Karbon aktif adalah salah satu jenis adsorben yang efektif digunakan untuk proses adsorpsi. Kemampuan adsorpsi ini didukung oleh beberapa faktor, di antaranya sifat kimia dan fisika karbon aktif, suhu air, waktu kontak, luas permukaan karbon aktif, konsentrasi serta ukuran partikel adsorbat, dan jenis adsorbat. Adsorbat yang mudah berikatan dengan gugus-gugus pengaktif adalah yang bersifat nonpolar, sehingga molekul organik akan berikatan kuat dengan gugus pengaktif (Atkins 1997; Sukarjo 1997).

Adsorpsi merupakan suatu reaksi reversibel, pada konsentrasi zat terlarut yang diberikan. Adsorbat dapat diadsorpsi melalui dua cara, yakni dengan adsorpsi fisika dan kimia. Pada adsorpsi fisika, ada gaya lemah Van der Waals

yang menarik adsorbat ke permukaan adsorben. Selama proses adsorpsi fisika, sifat kimia adsorbat tidak berubah. Adsorpsi fisika adalah proses spontan (ΔG <0), karena ΔS negatif, maka ΔH menjadi eksoterm. Dalam adsorpsi kimia, adsorbat menempel dengan membentuk ikatan kimia dengan permukaan adsorben.
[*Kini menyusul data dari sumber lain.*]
(* Let $\Pi(x)=\mathbf{T}x$ be a linear CG map, where $\mathbf{T}\in\mathbb{R}^{3M\times3N}$ consists of $3\times3$ blocks $\mathbf{T}_{ij}=\zeta_{ij}\mathbf{I}_3$ ($i=1,\dots,M$, $j=1,\dots,N$, $\zeta_{ij}\in\mathbb{R}$) and has rank $3M$. Let $\mathbf{W}\in\mathbb{R}^{3M\times3N}$ be any constant matrix such that $\mathbf{W}\mathbf{T}^t$ is invertible, and set $h_W(x)=(\mathbf{W}\mathbf{T}^t)^{-1}\mathbf{W}f(x)$. Then (under integrability $h_W\in L^1(\mu)$) $F^{\mathrm{PMF}}(z)=\mathbb{E}_\mu[h_W\mid\Pi=z]$ for all $z\in\mathbb{R}^{3M}$. In particular, with $\mathbf{W}=\mathbf{T}$, $h(x)=(\mathbf{T}\mathbf{T}^t)^{-1}\mathbf{T}f(x)$ satisfies $F^{\mathrm{PMF}}(z)=\mathbb{E}_\mu[h\mid\Pi=z]$.
   Context: Standing setting: $\beta>0$; $U:\mathbb{R}^{3N}\to\mathbb{R}$ smooth with $Z=\int e^{-\beta U}dx<\infty$; $\mu(dx)=Z^{-1}e^{-\beta U}dx$; $f=-\nabla_xU\in\mathbb{R}^{3N}$ with components $f_j=-\nabla_{x_j}U\in\mathbb{R}^3$, $x=(x_1,\dots,x_N)$, $x_j\in\mathbb{R}^3$. $\bar\mu$ is the Lebesgue density of $\Pi_{\#}\mu$, assumed positive and $C^1$; $\bar U^{\mathrm{PMF}}(z)=-\beta^{-1}\log\bar\mu(z)-\beta^{-1}\log Z$; $F^{\mathrm{PMF}}=-\nabla_z\bar U^{\mathrm{PMF}}$; $\mathbb{E}_\mu[\cdot\mid\Pi=z]$ is conditional expectation given $\Pi=z$. *)

theory Defs
  imports "HOL-Analysis.Analysis" "HOL-Probability.Probability"
begin

fun iter_dderiv :: "('a::real_normed_vector \<Rightarrow> real) \<Rightarrow> 'a list \<Rightarrow> 'a \<Rightarrow> real" where
  "iter_dderiv f [] = f"
| "iter_dderiv f (v # vs) = (\<lambda>x. frechet_derivative (iter_dderiv f vs) (at x) v)"

definition smooth_fun :: "('a::real_normed_vector \<Rightarrow> real) \<Rightarrow> bool" where
  "smooth_fun f \<longleftrightarrow> (\<forall>vs x. iter_dderiv f vs differentiable (at x))"

definition grad :: "('a::real_inner \<Rightarrow> real) \<Rightarrow> 'a \<Rightarrow> 'a" where
  "grad g x = (THE D. GDERIV g x :> D)"

definition C1_fun :: "('a::real_inner \<Rightarrow> real) \<Rightarrow> bool" where
  "C1_fun g \<longleftrightarrow> (\<forall>x. g differentiable (at x)) \<and> continuous_on UNIV (grad g)"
Interaksi ini lebih kuat dari adsorpsi fisika, dan secara umum memiliki persyaratan yang lebih ketat untuk memperoleh kompatibilitas antara adsorbat dan permukaan adsorben (Ansari dan Mohammad-Khah 2009).

Adsorpsi dapat terjadi karena setiap molekul pada permukaan mempunyai energi yang besar sehingga membentuk tegangan permukaan, akibatnya molekul pada permukaan mempunyai energi bebas yang lebih besar dibanding molekul di bawah permukaan. Molekul pada permukaan selalu berusaha mendapatkan energi bebas serendah mungkin, maka permukaan akan menyerap fasa yang tegangan permukaannya lebih rendah untuk menurunkan energi bebasnya (Sukarjo 1997). Adsorpsi kontaminan terlarut merupakan fenomena kompleks, yang disebabkan oleh beberapa mekanisme, seperti Gaya London-Van der Waals, gaya Coulomb, ikatan hidrogen, pertukaran ligan, adsorpsi kimia, gaya dipol-dipol, dan gaya hidrofobik. Sebagai contoh, hidrokarbon paling sering menunjukkan adsorpsi melalui proses ikatan hidrofobik. Jadi sifat permukaan adsorben yang mempengaruhi proses adsorpsi adalah luas permukaan, ukuran pori, distribusi mikropori, dan polaritas (hidrofilik atau hidrofobik) (Ansari dan Mohammad- Khah 2009).